YOUR ASSIGNMENT:
Where does the word "rule" occur in the data below? Copy each line that holds it.

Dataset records
┏━━
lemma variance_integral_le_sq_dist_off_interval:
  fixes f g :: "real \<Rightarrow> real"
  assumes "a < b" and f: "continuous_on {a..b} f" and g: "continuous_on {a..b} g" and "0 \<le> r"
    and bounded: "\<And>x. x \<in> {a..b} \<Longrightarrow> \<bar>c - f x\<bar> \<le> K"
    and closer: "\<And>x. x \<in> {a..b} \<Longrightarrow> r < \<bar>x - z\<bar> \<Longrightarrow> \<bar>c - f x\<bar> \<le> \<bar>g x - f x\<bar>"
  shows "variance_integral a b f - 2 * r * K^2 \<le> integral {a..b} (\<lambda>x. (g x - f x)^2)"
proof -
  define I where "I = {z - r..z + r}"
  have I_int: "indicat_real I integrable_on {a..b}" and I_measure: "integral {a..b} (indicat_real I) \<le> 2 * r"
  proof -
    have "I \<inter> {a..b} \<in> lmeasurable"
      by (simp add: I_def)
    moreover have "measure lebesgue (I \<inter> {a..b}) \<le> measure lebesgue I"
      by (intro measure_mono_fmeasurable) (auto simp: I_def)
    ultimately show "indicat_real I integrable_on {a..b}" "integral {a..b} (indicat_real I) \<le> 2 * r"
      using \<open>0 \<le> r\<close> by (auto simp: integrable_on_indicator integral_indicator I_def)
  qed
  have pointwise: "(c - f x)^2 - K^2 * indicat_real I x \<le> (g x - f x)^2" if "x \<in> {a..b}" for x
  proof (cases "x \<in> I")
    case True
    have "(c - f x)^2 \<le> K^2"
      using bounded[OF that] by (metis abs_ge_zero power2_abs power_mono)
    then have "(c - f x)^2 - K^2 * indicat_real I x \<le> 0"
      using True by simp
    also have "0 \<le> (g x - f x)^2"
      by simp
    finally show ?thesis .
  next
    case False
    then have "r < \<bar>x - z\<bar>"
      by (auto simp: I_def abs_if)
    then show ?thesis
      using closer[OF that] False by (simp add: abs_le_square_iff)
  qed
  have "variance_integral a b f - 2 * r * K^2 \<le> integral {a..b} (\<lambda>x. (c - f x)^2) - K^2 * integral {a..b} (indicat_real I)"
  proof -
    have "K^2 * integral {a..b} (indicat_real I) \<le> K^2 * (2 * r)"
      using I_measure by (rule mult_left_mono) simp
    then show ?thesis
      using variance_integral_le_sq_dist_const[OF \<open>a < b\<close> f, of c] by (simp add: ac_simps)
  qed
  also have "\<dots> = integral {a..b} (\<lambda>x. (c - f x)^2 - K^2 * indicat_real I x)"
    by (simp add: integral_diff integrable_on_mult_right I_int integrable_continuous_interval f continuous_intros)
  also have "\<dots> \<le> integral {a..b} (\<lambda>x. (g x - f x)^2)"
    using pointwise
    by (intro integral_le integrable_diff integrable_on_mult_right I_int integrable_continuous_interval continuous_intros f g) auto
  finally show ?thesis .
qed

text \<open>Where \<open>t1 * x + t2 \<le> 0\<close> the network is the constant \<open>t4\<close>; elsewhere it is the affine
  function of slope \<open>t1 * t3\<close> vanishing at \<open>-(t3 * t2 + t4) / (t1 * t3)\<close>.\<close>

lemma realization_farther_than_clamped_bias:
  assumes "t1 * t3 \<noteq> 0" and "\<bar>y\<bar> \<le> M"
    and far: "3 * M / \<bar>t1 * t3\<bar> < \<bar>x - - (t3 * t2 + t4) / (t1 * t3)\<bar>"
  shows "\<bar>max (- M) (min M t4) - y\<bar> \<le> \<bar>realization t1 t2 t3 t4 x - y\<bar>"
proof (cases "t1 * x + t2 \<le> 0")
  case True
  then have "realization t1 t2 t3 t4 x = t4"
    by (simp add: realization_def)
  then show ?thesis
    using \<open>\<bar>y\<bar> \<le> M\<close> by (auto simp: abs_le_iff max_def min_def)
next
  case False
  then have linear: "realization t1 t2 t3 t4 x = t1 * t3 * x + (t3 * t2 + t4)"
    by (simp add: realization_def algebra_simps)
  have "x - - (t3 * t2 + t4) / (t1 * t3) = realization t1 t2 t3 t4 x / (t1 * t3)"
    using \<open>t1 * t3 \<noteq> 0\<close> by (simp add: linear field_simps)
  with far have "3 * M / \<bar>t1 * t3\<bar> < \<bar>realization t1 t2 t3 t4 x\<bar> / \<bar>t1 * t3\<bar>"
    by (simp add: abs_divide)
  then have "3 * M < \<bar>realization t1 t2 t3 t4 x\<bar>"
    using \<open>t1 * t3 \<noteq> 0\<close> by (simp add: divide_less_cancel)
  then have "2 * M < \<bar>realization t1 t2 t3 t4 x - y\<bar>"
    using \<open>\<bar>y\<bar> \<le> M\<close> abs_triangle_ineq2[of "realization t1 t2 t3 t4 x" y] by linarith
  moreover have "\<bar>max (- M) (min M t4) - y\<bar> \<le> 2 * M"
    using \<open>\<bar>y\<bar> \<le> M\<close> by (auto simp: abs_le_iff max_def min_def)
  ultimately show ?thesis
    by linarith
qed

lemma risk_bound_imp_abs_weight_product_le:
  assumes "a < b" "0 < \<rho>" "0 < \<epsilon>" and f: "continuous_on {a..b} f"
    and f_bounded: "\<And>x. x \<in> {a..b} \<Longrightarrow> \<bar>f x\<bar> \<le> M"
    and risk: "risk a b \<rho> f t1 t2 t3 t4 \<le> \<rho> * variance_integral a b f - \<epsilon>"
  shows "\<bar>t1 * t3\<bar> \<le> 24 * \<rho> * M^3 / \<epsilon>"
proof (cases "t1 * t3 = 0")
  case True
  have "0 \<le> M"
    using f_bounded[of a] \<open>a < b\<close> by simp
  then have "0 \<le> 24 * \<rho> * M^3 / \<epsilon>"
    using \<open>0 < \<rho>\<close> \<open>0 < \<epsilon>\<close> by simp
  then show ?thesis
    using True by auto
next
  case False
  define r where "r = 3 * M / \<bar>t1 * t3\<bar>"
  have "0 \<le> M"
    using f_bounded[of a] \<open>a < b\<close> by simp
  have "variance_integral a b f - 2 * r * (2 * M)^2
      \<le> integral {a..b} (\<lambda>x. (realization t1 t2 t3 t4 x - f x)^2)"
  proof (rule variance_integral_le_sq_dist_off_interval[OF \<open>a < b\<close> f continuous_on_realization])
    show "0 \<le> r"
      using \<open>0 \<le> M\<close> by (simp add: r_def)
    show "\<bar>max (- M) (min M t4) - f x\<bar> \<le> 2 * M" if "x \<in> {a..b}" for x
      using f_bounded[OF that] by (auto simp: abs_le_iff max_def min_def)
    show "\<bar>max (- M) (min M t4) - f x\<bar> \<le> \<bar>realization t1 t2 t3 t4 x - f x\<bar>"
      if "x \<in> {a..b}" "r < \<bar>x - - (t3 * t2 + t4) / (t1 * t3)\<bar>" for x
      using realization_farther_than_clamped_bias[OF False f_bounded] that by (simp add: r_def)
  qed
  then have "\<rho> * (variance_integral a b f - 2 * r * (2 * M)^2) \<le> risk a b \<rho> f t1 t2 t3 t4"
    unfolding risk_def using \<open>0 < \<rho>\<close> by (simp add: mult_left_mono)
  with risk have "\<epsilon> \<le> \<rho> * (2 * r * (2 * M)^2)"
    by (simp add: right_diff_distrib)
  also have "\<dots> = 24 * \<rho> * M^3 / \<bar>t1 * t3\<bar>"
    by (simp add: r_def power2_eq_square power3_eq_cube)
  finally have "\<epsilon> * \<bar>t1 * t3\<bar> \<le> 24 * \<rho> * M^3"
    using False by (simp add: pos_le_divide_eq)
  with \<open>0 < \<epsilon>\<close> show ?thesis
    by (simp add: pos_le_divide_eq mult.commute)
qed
┗━━
┏━━
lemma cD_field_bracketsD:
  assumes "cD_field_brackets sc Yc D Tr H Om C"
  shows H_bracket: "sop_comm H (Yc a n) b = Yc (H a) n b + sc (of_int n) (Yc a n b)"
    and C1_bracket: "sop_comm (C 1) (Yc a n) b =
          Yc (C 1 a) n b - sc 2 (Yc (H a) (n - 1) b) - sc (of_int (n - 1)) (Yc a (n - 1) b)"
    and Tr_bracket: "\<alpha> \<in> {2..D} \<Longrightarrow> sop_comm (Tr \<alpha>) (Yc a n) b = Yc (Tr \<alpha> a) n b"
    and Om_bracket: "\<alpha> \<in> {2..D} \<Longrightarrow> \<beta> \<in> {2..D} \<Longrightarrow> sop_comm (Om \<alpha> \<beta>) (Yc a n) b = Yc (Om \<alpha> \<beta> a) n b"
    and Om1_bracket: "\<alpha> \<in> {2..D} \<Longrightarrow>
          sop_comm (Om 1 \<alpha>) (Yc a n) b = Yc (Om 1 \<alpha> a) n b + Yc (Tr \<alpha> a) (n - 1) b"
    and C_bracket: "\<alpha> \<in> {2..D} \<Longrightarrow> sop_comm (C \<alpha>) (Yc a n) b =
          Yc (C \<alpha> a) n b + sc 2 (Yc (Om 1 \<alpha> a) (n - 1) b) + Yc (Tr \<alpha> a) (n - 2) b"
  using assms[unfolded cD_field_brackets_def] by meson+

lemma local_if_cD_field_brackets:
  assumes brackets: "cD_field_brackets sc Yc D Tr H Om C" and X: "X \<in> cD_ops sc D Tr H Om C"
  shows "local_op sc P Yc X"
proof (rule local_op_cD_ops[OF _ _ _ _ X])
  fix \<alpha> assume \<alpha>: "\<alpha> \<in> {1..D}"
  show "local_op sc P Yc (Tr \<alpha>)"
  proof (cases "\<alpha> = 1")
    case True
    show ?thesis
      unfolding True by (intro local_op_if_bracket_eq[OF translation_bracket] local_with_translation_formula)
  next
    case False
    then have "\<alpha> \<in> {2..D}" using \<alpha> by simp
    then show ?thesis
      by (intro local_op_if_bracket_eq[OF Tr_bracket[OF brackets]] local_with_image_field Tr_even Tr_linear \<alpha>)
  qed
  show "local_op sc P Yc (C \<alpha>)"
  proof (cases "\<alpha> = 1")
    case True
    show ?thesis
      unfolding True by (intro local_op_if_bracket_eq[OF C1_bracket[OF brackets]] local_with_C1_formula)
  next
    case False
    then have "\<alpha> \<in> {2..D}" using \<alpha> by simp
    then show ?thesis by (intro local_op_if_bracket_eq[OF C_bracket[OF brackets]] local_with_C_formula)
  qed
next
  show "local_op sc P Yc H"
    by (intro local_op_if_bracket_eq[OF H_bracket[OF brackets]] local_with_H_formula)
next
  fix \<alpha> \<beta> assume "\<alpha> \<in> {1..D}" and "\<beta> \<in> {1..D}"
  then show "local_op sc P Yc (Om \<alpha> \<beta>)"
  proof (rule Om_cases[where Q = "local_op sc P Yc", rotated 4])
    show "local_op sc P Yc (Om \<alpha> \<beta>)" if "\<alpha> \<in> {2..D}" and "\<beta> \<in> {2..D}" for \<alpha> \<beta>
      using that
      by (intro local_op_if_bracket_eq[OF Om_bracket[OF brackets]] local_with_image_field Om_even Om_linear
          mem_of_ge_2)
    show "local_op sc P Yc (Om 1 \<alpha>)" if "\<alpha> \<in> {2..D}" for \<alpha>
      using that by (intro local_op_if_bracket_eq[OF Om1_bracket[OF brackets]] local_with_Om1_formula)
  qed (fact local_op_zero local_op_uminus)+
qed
┗━━
RESPONSE:
      using I_measure by (rule mult_left_mono) simp
  proof (rule variance_integral_le_sq_dist_off_interval[OF \<open>a < b\<close> f continuous_on_realization])
proof (rule local_op_cD_ops[OF _ _ _ _ X])
  proof (rule Om_cases[where Q = "local_op sc P Yc", rotated 4])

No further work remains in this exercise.